Re: article in latest sci american

From: Joe Zorzin (abc_at_xyz.org)
Date: 02/14/05


Date: Mon, 14 Feb 2005 07:49:33 -0500


<lifeform1@atlantic.net> wrote in message
news:1108302947.555764.107580@o13g2000cwo.googlegroups.com...
> February 13, 2005
>
> Joe Zorzin wrote:
>
> > The most recent Scientific American (just got it yesterday) has an
> article
> > which says that agriculture and deforestation of the past several
> thousand
> > years have contributed to global warming and countered what otherwise
> would
> > have been slowly lowering temperatures that would have brought us to
> the
> > brink of another ice age.
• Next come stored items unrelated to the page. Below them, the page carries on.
lemma min_codegree_zero_sum_kgraph_ge:
  assumes "0 < q" and "\<And>x. x \<noteq> 0 \<Longrightarrow> lab x = x mod q" and "d < k"
  shows "(1 / real q - real (k + 1) / real N) * real ((N - d) choose (k - d))
    \<le> real (min_codegree d {..<N} (zero_sum_kgraph q k {..<N} lab))"
proof (cases "(N - d) choose (k - d) = 0")
  case False
  then have "d < N"
    using assms(3) binomial_eq_0[of "N - d" "k - d"] by (cases "d < N") auto
  then obtain S where S: "S \<subseteq> {..<N}" "card S = d"
    and min: "min_codegree d {..<N} (zero_sum_kgraph q k {..<N} lab) = hdeg (zero_sum_kgraph q k {..<N} lab) S"
    using min_codegree_attained[of "{..<N}" d] by auto
  have "1 / real q - real (k + 1) / real N \<le> real (N div q - k) / real N"
  proof -
    have "real (N mod q) / real q \<le> 1"
      using \<open>0 < q\<close> by (simp add: divide_le_eq_1 less_imp_le)
    then have "real N / real q - 1 \<le> real (N div q)"
      using of_nat_of_nat_div_aux[of N q, where 'a = real] by linarith
    moreover have "real (N div q) - real k \<le> real (N div q - k)"
      by (cases "k \<le> N div q") (simp_all add: of_nat_diff)
    moreover have "1 / real q - real (k + 1) / real N = (real N / real q - 1 - real k) / real N"
      using \<open>d < N\<close> by (simp add: field_simps)
    ultimately show ?thesis
      by (simp add: divide_right_mono)
  qed
  then have "(1 / real q - real (k + 1) / real N) * real ((N - d) choose (k - d))
      \<le> real (N div q - k) / real N * real ((N - d) choose (k - d))"
    by (rule mult_right_mono) simp_all
  also have "\<dots> \<le> real (hdeg (zero_sum_kgraph q k {..<N} lab) S)"
  proof -
    have "real ((N - d) choose (k - d)) * real (N div q - k)
        \<le> real N * real (hdeg (zero_sum_kgraph q k {..<N} lab) S)"
      using hdeg_zero_sum_kgraph_ge[OF assms S] unfolding of_nat_mult[symmetric] of_nat_le_iff .
    then show ?thesis
      using \<open>d < N\<close> by (simp add: divide_le_eq mult.commute)
  qed
  finally show ?thesis
    unfolding min .
qed (simp add: binomial_eq_0)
I'm no scientist, but this sounds like a
> > rationalization for global warming.
>
>
> The Milankovitch modulation of solar insolation
> is already into the cooling phase, but the
> climatic response to the modulation is offset
> (out of phiase, lagging) by a quarter wave,
> so we've got a good 10,000 years left of an
> expected interglacial period. Not to worry.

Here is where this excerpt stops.